Dry conditions, little access to water, overstretched resources, inaccessible fires, the vastness of the fire front, and wind changes contributed to the disaster in the region, the submission argued.
Recommendations included training landowners to prepare; appointing a divisional commander on a paid retainer basis; improving consultation; better welfare support; more centralized data; and reviewing building and dwelling laws and practices.
At Wednesday night's council meeting, Crs Marshall, Winchester, Brown, and Noveska voted against endorsing the submission.
There was no mention of climate change, cuts to National Parks and Wildlife Service staff, or communications infrastructure, Cr Marshall protested - issues he, a volunteer firefighter, had heard mentioned on the fireground.
"It's like the submission has been written to not criticize in any way the activities of the New South Wales government," Cr Marshall said.
The submission was amended on Cr Biscotti's suggestion to review grazing rights and firewood collection in state and national parks to reduce overall grazing loads and help farmers in drought. Both practices are illegal.
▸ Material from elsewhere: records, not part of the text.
(* Let $S\subset\mathbb R^2$ be a finite set of $n>4$ points, none of which lies at the center of SED$(S)$. If $S$ is Pre-regular, then every internal angle of the convex hull of $S$ is strictly greater than $\pi(n-3)/n$.
   Context: SED$(S)$ is the smallest closed disk containing $S$. $S$ is \emph{Pre-regular} if there is a regular $n$-gon $P$ (the supporting polygon) such that for every pair of adjacent edges of $P$, one of the two edges contains exactly two points of $S$ (possibly at its endpoints) and the relative interior of the other edge contains no point of $S$. *)

theory Defs
  imports "HOL-Analysis.Analysis"
begin

text \<open>The plane R^2 is modelled by the type complex (a real inner product space).\<close>

definition is_SED :: "complex set \<Rightarrow> complex \<Rightarrow> real \<Rightarrow> bool" where
  "is_SED S c r \<longleftrightarrow> S \<subseteq> cball c r \<and> (\<forall>c' r'. S \<subseteq> cball c' r' \<longrightarrow> r \<le> r')"

definition reg_vertex :: "complex \<Rightarrow> real \<Rightarrow> real \<Rightarrow> nat \<Rightarrow> nat \<Rightarrow> complex" where
  "reg_vertex c rho theta n k = c + complex_of_real rho * cis (theta + 2 * pi * real k / real n)"

definition reg_edge :: "complex \<Rightarrow> real \<Rightarrow> real \<Rightarrow> nat \<Rightarrow> nat \<Rightarrow> complex set" where
  "reg_edge c rho theta n k =
     closed_segment (reg_vertex c rho theta n k) (reg_vertex c rho theta n ((k + 1) mod n))"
Absolutely nobody involved in the firefighting was concerned with those issues, Cr Marshall said.
"It is contemptible to put this in to try to hijack a serious inquiry into very serious bushfires for petty party political individual benefit of farmers who want to get free grazing," Cr Marshall said. "I've yet to meet a sheep or a cow that eats bark or leaf litter or undergrowth; it simply doesn't happen."
Stock grazing in NSW national parks has been forbidden for almost 15 years, except for a trial eight years ago. State National Party members, however, want farmers to graze in national parks. Agriculture Minister Adam Marshall called national park estates a "ticking time bomb" for farmers, and believes leasing sections for grazing would keep the fuel load down and the cattle fat.
The National Parks Association of NSW, however, states there is no evidence cattle grazing reduces fire risk in forests; grazing did not stop fires from spreading in the Victorian High Country or suppress them. Nature Conservation Council CEO Chris Gambian argued cows damage the environment and increase fire risk; they trample native plants, increase erosion, collapse river banks, pollute streams, and spread fast-growing, highly flammable weeds.
Removing firewood from national parks is banned, the NSW Department of Planning, Industry and Environment states, because it degrades national parks and destroys animal habitats; offenders can be fined up to $30,000. Outside nature reserves, firewood may be collected as a fire management strategy.